В один из теплых весенних дней Милаш умышленно опоздал и подошел к почтамту в ту минуту, когда Божена уходила с работы. Как всегда в последнее время, сегодня тоже было письмо. Божена, будучи девушкой любезной, вернулась в контору и принесла письмо. Нерич рассыпался в благодарностях и добился согласия Божены проводить ее до дому. Так повторялось несколько дней подряд, а потом и опоздания стали не нужны. Получая свои письма, Милаш уславливался с Боженой о встрече. Они бродили по вечерней Праге, заходили в кинотеатр и смотрели новые фильмы, болтали часами, прогуливались по набережной Влтавы, шутили, смеялись.

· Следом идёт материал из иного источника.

(* Consider the augmented network and weighted waterfilling map $\theta\mapsto g(\theta)$ defined in the context. Suppose $\theta=(\theta_{k,p})$ is a vector of strictly positive weights that is a fixed point of the adaptive waterfiller update, i.e. $$\theta_{k,p}=\frac{g_{k,p}(\theta)}{\sum_{p'\in\mathcal{P}_k}g_{k,p'}(\theta)}\quad\text{for all }k\in\mathcal{D},\ p\in\mathcal{P}_k$$ (with all denominators positive). Then the subflow allocation $g(\theta)$ is bandwidth-bottlenecked.
   Context: Demands $\mathcal{D}$, links $\mathcal{E}$ with capacities $c_e>0$, each demand $k$ with requested rate $d_k>0$ and finite path set $\mathcal{P}_k$ (paths are subsets of $\mathcal{E}$). Each pair $(k,p)$, $p\in\mathcal{P}_k$, is a subflow. Augmented network: in addition to the links in $\mathcal{E}$, each demand $k$ has a virtual link $v_k$ of capacity $d_k$; subflow $(k,p)$ traverses the links of $p$ together with $v_k$. A subflow allocation $g=(g_{k,p})\ge 0$ is feasible if $\sum_{(k,p):e\in p}g_{k,p}\le c_e$ for all $e\in\mathcal{E}$ and $\sum_{p\in\mathcal{P}_k}g_{k,p}\le d_k$ for all $k$; its demand totals are $f_k=\sum_{p\in\mathcal{P}_k}g_{k,p}$. A link is saturated if its capacity constraint holds with equality. Given strictly positive weights $\theta$, the weighted waterfilling solution $g(\theta)$ is the (standardly unique) feasible subflow allocation in which every subflow $(k,p)$ has a weighted bottleneck: a saturated link $l$ on the augmented path of $(k,p)$ such that $g_{k,p}/\theta_{k,p}\ge g_{j,p'}/\theta_{j,p'}$ for every subflow $(j,p')$ traversing $l$. A feasible subflow allocation $g$ with totals $f$ is bandwidth-bottlenecked if for every demand $k$ and every $p\in\mathcal{P}_k$ there is a saturated link $l$ on the augmented path of $(k,p)$ such that $f_k\ge f_j$ for every demand $j$ having a subflow with positive rate traversing $l$. *)

theory Defs
  imports Complex_Main
begin

text \<open>Network data: demands D (type 'd), links E (type 'e), capacities c,
requested rates dr, path sets P.  Augmented links are Inl e (real link e)
and Inr k (virtual link v_k of demand k).\<close>

definition subflows :: "'d set \<Rightarrow> ('d \<Rightarrow> 'e set set) \<Rightarrow> ('d \<times> 'e set) set" where
  "subflows D P = {(k, p). k \<in> D \<and> p \<in> P k}"

definition aug_links :: "'d set \<Rightarrow> 'e set \<Rightarrow> ('e + 'd) set" where
  "aug_links D E = Inl ` E \<union> Inr ` D"

definition aug_path :: "'d \<Rightarrow> 'e set \<Rightarrow> ('e + 'd) set" where
  "aug_path k p = Inl ` p \<union> {Inr k}"

definition aug_cap :: "('e \<Rightarrow> real) \<Rightarrow> ('d \<Rightarrow> real) \<Rightarrow> ('e + 'd) \<Rightarrow> real" where
  "aug_cap c dr l = (case l of Inl e \<Rightarrow> c e | Inr k \<Rightarrow> dr k)"

definition load ::
  "'d set \<Rightarrow> ('d \<Rightarrow> 'e set set) \<Rightarrow> ('d \<Rightarrow> 'e set \<Rightarrow> real) \<Rightarrow> ('e + 'd) \<Rightarrow> real" where
  "load D P g l = (\<Sum>(k, p) \<in> {(k, p) \<in> subflows D P. l \<in> aug_path k p}. g k p)"

definition total :: "('d \<Rightarrow> 'e set set) \<Rightarrow> ('d \<Rightarrow> 'e set \<Rightarrow> real) \<Rightarrow> 'd \<Rightarrow> real" where
  "total P g k = (\<Sum>p \<in> P k. g k p)"

definition feasible ::
  "'d set \<Rightarrow> 'e set \<Rightarrow> ('e \<Rightarrow> real) \<Rightarrow> ('d \<Rightarrow> real) \<Rightarrow> ('d \<Rightarrow> 'e set set)
   \<Rightarrow> ('d \<Rightarrow> 'e set \<Rightarrow> real) \<Rightarrow> bool" where
  "feasible D E c dr P g \<longleftrightarrow>
     (\<forall>(k, p) \<in> subflows D P. 0 \<le> g k p) \<and>
     (\<forall>e \<in> E. load D P g (Inl e) \<le> c e) \<and>
     (\<forall>k \<in> D. total P g k \<le> dr k)"

definition saturated ::
  "('e \<Rightarrow> real) \<Rightarrow> ('d \<Rightarrow> real) \<Rightarrow> 'd set \<Rightarrow> ('d \<Rightarrow> 'e set set)
   \<Rightarrow> ('d \<Rightarrow> 'e set \<Rightarrow> real) \<Rightarrow> ('e + 'd) \<Rightarrow> bool" where
  "saturated c dr D P g l \<longleftrightarrow> load D P g l = aug_cap c dr l"

definition weighted_waterfilling ::
  "'d set \<Rightarrow> 'e set \<Rightarrow> ('e \<Rightarrow> real) \<Rightarrow> ('d \<Rightarrow> real) \<Rightarrow> ('d \<Rightarrow> 'e set set)
   \<Rightarrow> ('d \<Rightarrow> 'e set \<Rightarrow> real) \<Rightarrow> ('d \<Rightarrow> 'e set \<Rightarrow> real) \<Rightarrow> bool" where
  "weighted_waterfilling D E c dr P \<theta> g \<longleftrightarrow>
     feasible D E c dr P g \<and>
     (\<forall>(k, p) \<in> subflows D P. \<exists>l \<in> aug_path k p.
        saturated c dr D P g l \<and>
        (\<forall>(j, p') \<in> subflows D P. l \<in> aug_path j p' \<longrightarrow>
            g j p' / \<theta> j p' \<le> g k p / \<theta> k p))"

definition bandwidth_bottlenecked ::
  "'d set \<Rightarrow> 'e set \<Rightarrow> ('e \<Rightarrow> real) \<Rightarrow> ('d \<Rightarrow> real) \<Rightarrow> ('d \<Rightarrow> 'e set set)
   \<Rightarrow> ('d \<Rightarrow> 'e set \<Rightarrow> real) \<Rightarrow> bool" where
  "bandwidth_bottlenecked D E c dr P g \<longleftrightarrow>
     feasible D E c dr P g \<and>
     (\<forall>k \<in> D. \<forall>p \<in> P k. \<exists>l \<in> aug_path k p.
        saturated c dr D P g l \<and>
        (\<forall>j \<in> D. (\<exists>p' \<in> P j. l \<in> aug_path j p' \<and> 0 < g j p') \<longrightarrow>
            total P g j \<le> total P g k))"

end

theory Submission
  imports Defs
begin

text \<open>At a fixed point of the adaptive update every subflow's normalised rate
\<open>g\<^sub>k\<^sub>,\<^sub>p / \<theta>\<^sub>k\<^sub>,\<^sub>p\<close> equals its demand total \<open>f\<^sub>k\<close>. The weighted bottleneck
condition of the waterfilling solution, which compares normalised rates on a
saturated link, therefore compares demand totals, which is exactly the
bandwidth bottleneck condition.\<close>

lemma rate_div_weight_at_fixed_point:
  fixes r w t :: real
  assumes "0 < w" and "0 < t" and "w = r / t"
  shows "r / w = t"
  using assms by (auto simp: field_simps)

lemma weighted_waterfilling_imp_bandwidth_bottlenecked:
  assumes wf: "weighted_waterfilling D E c dr P \<theta> g"
    and normalised: "\<And>k p. k \<in> D \<Longrightarrow> p \<in> P k \<Longrightarrow> g k p / \<theta> k p = total P g k"
  shows "bandwidth_bottlenecked D E c dr P g"
  unfolding bandwidth_bottlenecked_def
proof (intro conjI ballI)
  show "feasible D E c dr P g"
    using wf by (simp add: weighted_waterfilling_def)
  fix k p assume k: "k \<in> D" and p: "p \<in> P k"
  then obtain l where l: "l \<in> aug_path k p" "saturated c dr D P g l"
    and bottleneck: "\<And>j p'. j \<in> D \<Longrightarrow> p' \<in> P j \<Longrightarrow> l \<in> aug_path j p' \<Longrightarrow>
        g j p' / \<theta> j p' \<le> g k p / \<theta> k p"
    using wf by (fastforce simp: weighted_waterfilling_def subflows_def)
  have "total P g j \<le> total P g k"
    if "j \<in> D" and "\<exists>p' \<in> P j. l \<in> aug_path j p' \<and> 0 < g j p'" for j
    using that bottleneck normalised k p by force
  with l show "\<exists>l \<in> aug_path k p. saturated c dr D P g l \<and>
      (\<forall>j \<in> D. (\<exists>p' \<in> P j. l \<in> aug_path j p' \<and> 0 < g j p') \<longrightarrow>
          total P g j \<le> total P g k)"
    by blast
qed

theorem theorem3:
  fixes D :: "'d set" and E :: "'e set"
    and c :: "'e \<Rightarrow> real" and dr :: "'d \<Rightarrow> real"
    and P :: "'d \<Rightarrow> 'e set set"
    and \<theta> g :: "'d \<Rightarrow> 'e set \<Rightarrow> real"
  assumes "finite D" and "finite E"
    and "\<forall>e \<in> E. 0 < c e"
    and "\<forall>k \<in> D. 0 < dr k"
    and "\<forall>k \<in> D. finite (P k) \<and> (\<forall>p \<in> P k. p \<subseteq> E)"
    and "\<forall>k \<in> D. \<forall>p \<in> P k. 0 < \<theta> k p"
    and "weighted_waterfilling D E c dr P \<theta> g"
    and "\<forall>k \<in> D. \<forall>p \<in> P k. 0 < total P g k \<and> \<theta> k p = g k p / total P g k"
  shows "bandwidth_bottlenecked D E c dr P g"
proof (rule weighted_waterfilling_imp_bandwidth_bottlenecked)
  show "weighted_waterfilling D E c dr P \<theta> g"
    by (fact assms(7))
  fix k p assume "k \<in> D" "p \<in> P k"
  then show "g k p / \<theta> k p = total P g k"
    using assms(6,8) by (intro rate_div_weight_at_fixed_point) auto
qed

end
text \<open>Unnormalized squared Hellinger distance Hel_{1/2}(P||Q) = 2 - 2 * integral of sqrt(dP dQ).
  For P absolutely continuous w.r.t. Q, the integral of sqrt(dP dQ) equals the Q-integral of
  sqrt(dP/dQ).\<close>
definition hellinger :: "'a measure \<Rightarrow> 'a measure \<Rightarrow> real" where
  "hellinger P Q = 2 - 2 * (\<integral>x. sqrt (enn2real (RN_deriv Q P x)) \<partial>Q)"

text \<open>KL(P||Q) with natural logarithm; library convention: KL_divergence b M N = KL(N||M).\<close>
definition KL :: "'a measure \<Rightarrow> 'a measure \<Rightarrow> real" where
  "KL P Q = KL_divergence (exp 1) Q P"

end

theory Submission
  imports Defs
begin

text \<open>Write \<open>r = dP/dQ\<close> and \<open>t = sqrt r\<close>. Then \<open>KL(P\<parallel>Q) = E\<^sub>Q[r ln r - r + 1] = E\<^sub>Q[2 t\<^sup>2 ln t - t\<^sup>2 + 1]\<close>
  and \<open>Hel(P\<parallel>Q) = E\<^sub>Q[(t - 1)\<^sup>2]\<close>, and the two density bounds confine \<open>t\<close> to
  \<open>\<bar>2 ln t\<bar> \<le> ln R\<close>. Both inequalities therefore follow by integrating pointwise bounds
  \<open>c (t - 1)\<^sup>2 \<le> 2 t\<^sup>2 ln t - t\<^sup>2 + 1 \<le> C (t - 1)\<^sup>2\<close>, each proved by showing that the difference
  is monotone on either side of \<open>t = 1\<close>. The constants \<open>2 \<plusminus> 0.4 ln R\<close> rest on rational bounds
  for \<open>ln\<close>: the Pade-type bound \<open>ln t \<le> 2 (t - 1)/(t + 1)\<close> for \<open>t \<le> 1\<close>, and a rational
  majorant that stays above \<open>ln\<close> only up to \<open>t = sqrt 4.5\<close>.\<close>

lemma ln_ge_one_minus_inverse: "0 < (t::real) \<Longrightarrow> 1 - 1/t \<le> ln t"
  using ln_le_minus_one[of "1/t"] by (simp add: ln_div)

lemma diff_one_le_mult_ln:
  assumes "0 < (t::real)" shows "t - 1 \<le> t * ln t"
proof -
  have "t * (1 - 1/t) \<le> t * ln t"
    using assms ln_ge_one_minus_inverse[OF assms] by (intro mult_left_mono) auto
  moreover have "t * (1 - 1/t) = t - 1"
    using assms by (simp add: field_simps)
  ultimately show ?thesis by simp
qed

lemma ln_le_diff_div_add:
  assumes "0 < (t::real)" "t \<le> 1"
  shows "ln t \<le> 2 * (t - 1) / (t + 1)"
proof -
  let ?h = "\<lambda>x::real. ln x - 2 * (x - 1) / (x + 1)"
  have "?h t \<le> ?h 1"
  proof (rule DERIV_nonneg_imp_nondecreasing[OF assms(2)])
    fix x assume "t \<le> x" "x \<le> 1"
    with assms have x: "0 < x" by simp
    have "DERIV ?h x :> 1/x - 4/(x + 1)^2"
      using x by (auto intro!: derivative_eq_intros simp: field_simps power2_eq_square)
    moreover have "1/x - 4/(x + 1)^2 = (x - 1)^2 / (x * (x + 1)^2)"
      using x by (simp add: field_simps) (simp add: algebra_simps power2_eq_square)
    ultimately show "\<exists>y. DERIV ?h x :> y \<and> 0 \<le> y"
      using x by auto
  qed
  then show ?thesis by simp
qed

lemma exp_ge_Taylor_partial_sum:
  assumes "0 \<le> (x::real)"
  shows "(\<Sum>n<N. x^n / fact n) \<le> exp x"
proof -
  have "(\<Sum>n<N. x^n /\<^sub>R fact n) \<le> (\<Sum>n. x^n /\<^sub>R fact n)"
    using assms by (intro sum_le_suminf[OF summable_exp_generic]) auto
  then show ?thesis
    by (simp add: exp_def divide_inverse mult.commute)
qed

lemma ln_nine_halves_le: "ln (9/2::real) \<le> 3009/2000"
proof -
  have "(9/2::real) \<le> (\<Sum>n<9. (3009/2000)^n / fact n)"
    by (simp add: lessThan_nat_numeral fact_numeral power_divide)
  also have "\<dots> \<le> exp (3009/2000)"
    by (rule exp_ge_Taylor_partial_sum) simp
  finally show ?thesis
    by (metis exp_gt_zero ln_exp ln_le_cancel_iff zero_less_divide_iff zero_less_numeral)
qed

definition kl_sq :: "real \<Rightarrow> real" where
  "kl_sq t = 2 * t^2 * ln t - t^2 + 1"

lemma kl_sq_sqrt: "0 \<le> r \<Longrightarrow> kl_sq (sqrt r) = r * ln r - r + 1"
  by (cases "r = 0") (simp_all add: kl_sq_def ln_sqrt)
lemma std_map_std_index:
  assumes "d > 0" "std_map d f n a n' a'" "std_index d n a" "f ` {0..<1} \<subseteq> {0..<1}"
  shows "std_index d n' a'"
proof -
  have "std_ivl d n a \<subseteq> {0..<1}"
    using assms std_index_iff_subset by blast
  then have "std_ivl d n' a' \<subseteq> {0..<1}"
    using std_map_image[OF assms(1,2)] assms(4) by blast
  then show ?thesis
    using std_index_iff_subset[OF assms(1)] by blast
qed

lemma std_map_comp:
  assumes "d > 0" "std_map d g n a n' a'" "std_map d f n' a' n'' a''"
  shows "std_map d (f \<circ> g) n a n'' a''"
  unfolding std_map_def
proof
  fix x assume x: "x \<in> std_ivl d n a"
  have "g x \<in> std_ivl d n' a'"
    using std_map_image[OF assms(1,2)] x by blast
  then have "f (g x) = real_of_int a'' / real d ^ n''
      + (g x - real_of_int a' / real d ^ n') * (real d ^ n' / real d ^ n'')"
    using assms(3) unfolding std_map_def by auto
  also have "g x - real_of_int a' / real d ^ n' = (x - real_of_int a / real d ^ n) * (real d ^ n / real d ^ n')"
    using assms(2) x unfolding std_map_def by auto
  finally show "(f \<circ> g) x = real_of_int a'' / real d ^ n''
      + (x - real_of_int a / real d ^ n) * (real d ^ n / real d ^ n'')"
    using assms(1) by simp
qed

lemma std_map_inv:
  assumes "d > 0" "std_map d f n a n' a'" "inj f"
  shows "std_map d (inv f) n' a' n a"
  unfolding std_map_def
proof
  fix z assume "z \<in> std_ivl d n' a'"
  then obtain w where w: "w \<in> std_ivl d n a" "z = f w"
    using std_map_image[OF assms(1,2)] by blast
  then have "z = real_of_int a' / real d ^ n' + (w - real_of_int a / real d ^ n) * (real d ^ n / real d ^ n')"
    using assms(2) unfolding std_map_def by auto
  then have "w = real_of_int a / real d ^ n + (z - real_of_int a' / real d ^ n') * (real d ^ n' / real d ^ n)"
    using assms(1) by simp
  moreover have "inv f z = w"
    using w(2) assms(3) by simp
  ultimately show "inv f z = real_of_int a / real d ^ n + (z - real_of_int a' / real d ^ n') * (real d ^ n' / real d ^ n)"
    by simp
qed

lemma std_map_cong:
  "(\<And>x. x \<in> std_ivl d n a \<Longrightarrow> f x = g x) \<Longrightarrow> std_map d f n a n' a' \<longleftrightarrow> std_map d g n a n' a'"
  unfolding std_map_def by auto

section \<open>A characterisation of \<open>V_d\<close>\<close>

definition perm01 :: "(real \<Rightarrow> real) \<Rightarrow> bool" where
  "perm01 f \<longleftrightarrow> bij_betw f {0..<1} {0..<1} \<and> (\<forall>x. x \<notin> {0..<1} \<longrightarrow> f x = x)"

lemma Vd_perm01: "f \<in> Vd d \<Longrightarrow> perm01 f"
  unfolding Vd_def perm01_def by auto

lemma perm01_image_subset: "perm01 f \<Longrightarrow> f ` {0..<1} \<subseteq> {0..<1}"
  unfolding perm01_def bij_betw_def by auto

lemma perm01_bij:
  assumes "perm01 f"
  shows "bij f"
proof -
  have "bij_betw f (- {0..<1}) (- {0..<1})"
    using assms bij_betw_cong[of "- {0..<1::real}" id f "- {0..<1}"] unfolding perm01_def by auto
  then have "bij_betw f ({0..<1} \<union> - {0..<1}) ({0..<1} \<union> - {0..<1})"
    using assms unfolding perm01_def by (intro bij_betw_combine) auto
  then show ?thesis
    by simp
qed

lemma perm01_id: "perm01 id"
  unfolding perm01_def by auto

lemma perm01_comp: "perm01 f \<Longrightarrow> perm01 g \<Longrightarrow> perm01 (f \<circ> g)"
  unfolding perm01_def by (auto intro: bij_betw_trans)

lemma perm01_inv:
  assumes "perm01 f"
  shows "perm01 (inv f)"
proof -
  have bij: "bij f"
    using assms by (rule perm01_bij)
  have f01: "bij_betw f {0..<1} {0..<1}"
    using assms unfolding perm01_def by auto
  have "bij_betw (inv f) {0..<1} {0..<1}"
    using bij_betw_inv_into[OF f01] bij_betw_cong[of "{0..<1}" "inv_into {0..<1} f" "inv f"]
      f01 bij by (metis bij_betw_inv_into_right bij_inv_eq_iff)
  moreover have "inv f x = x" if "x \<notin> {0..<1}" for x
    using that assms bij unfolding perm01_def by (metis bij_inv_eq_iff)
  ultimately show ?thesis
    unfolding perm01_def by auto
qed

Встречи участились. И чем чаще они бывали вместе, тем больше нравилась Неричу Божена, тем радостнее было для него ожидание весенних вечеров, которые он проводил с нею. Он чувствовал, что влечение его к девушке не похоже на все, что он испытывал и переживал раньше. Его последнее увлечение – Эльвира – было совсем другого порядка. Эльвира казалась ему красивой, и только эту красоту, броскую и вызывающую, он и видел в ней. Она обаятельно улыбалась, умела быть веселой, грустной, восхищенной, влюбленной, разочарованной. С нею было интересно проводить время. Но что-то искусственное, механическое чувствовалось во всем этом, и не раз, видя танцующую Эльвиру, он мысленно называл ее хорошо выдрессированным животным. И это красивое животное ему нравилось. Он догадывался о похождениях Эльвиры, знал о ее связи с Гоуской, но она всегда ловко умела убедить его в своей верности ему, Милашу, и он давал себя убедить, прощал ей прошлое. Одно время Неричу казалось, что он любит Эльвиру. Он каждый вечер просиживал в кабаре в ожидании ее выступлений, часами ждал ее у подъезда, ревновал ее к посетителям, и даже к музыкантам из оркестра, следил за каждым ее шагом, движением, улыбкой, упрекая в каждом поступке, казавшемся ему подозрительным. Но чем больше безумствовал Милаш, тем смелее вела себя Эльвира. Поклонники не отходили от нее, и она не гнала их. Она говорила о них Неричу: «мои старые друзья», «мои деловые знакомые». Милаш пытался уличить ее во лжи, но даже явные свои измены она изображала как шутку, как желание вызвать в нем ревность. Нерич жил с постоянной болью в сердце. Он сознавал нелепость и унизительность своего положения, но не мог отказаться от Эльвиры. Постепенно влюбленность его потеряла остроту – он свыкся с положением одного из «друзей».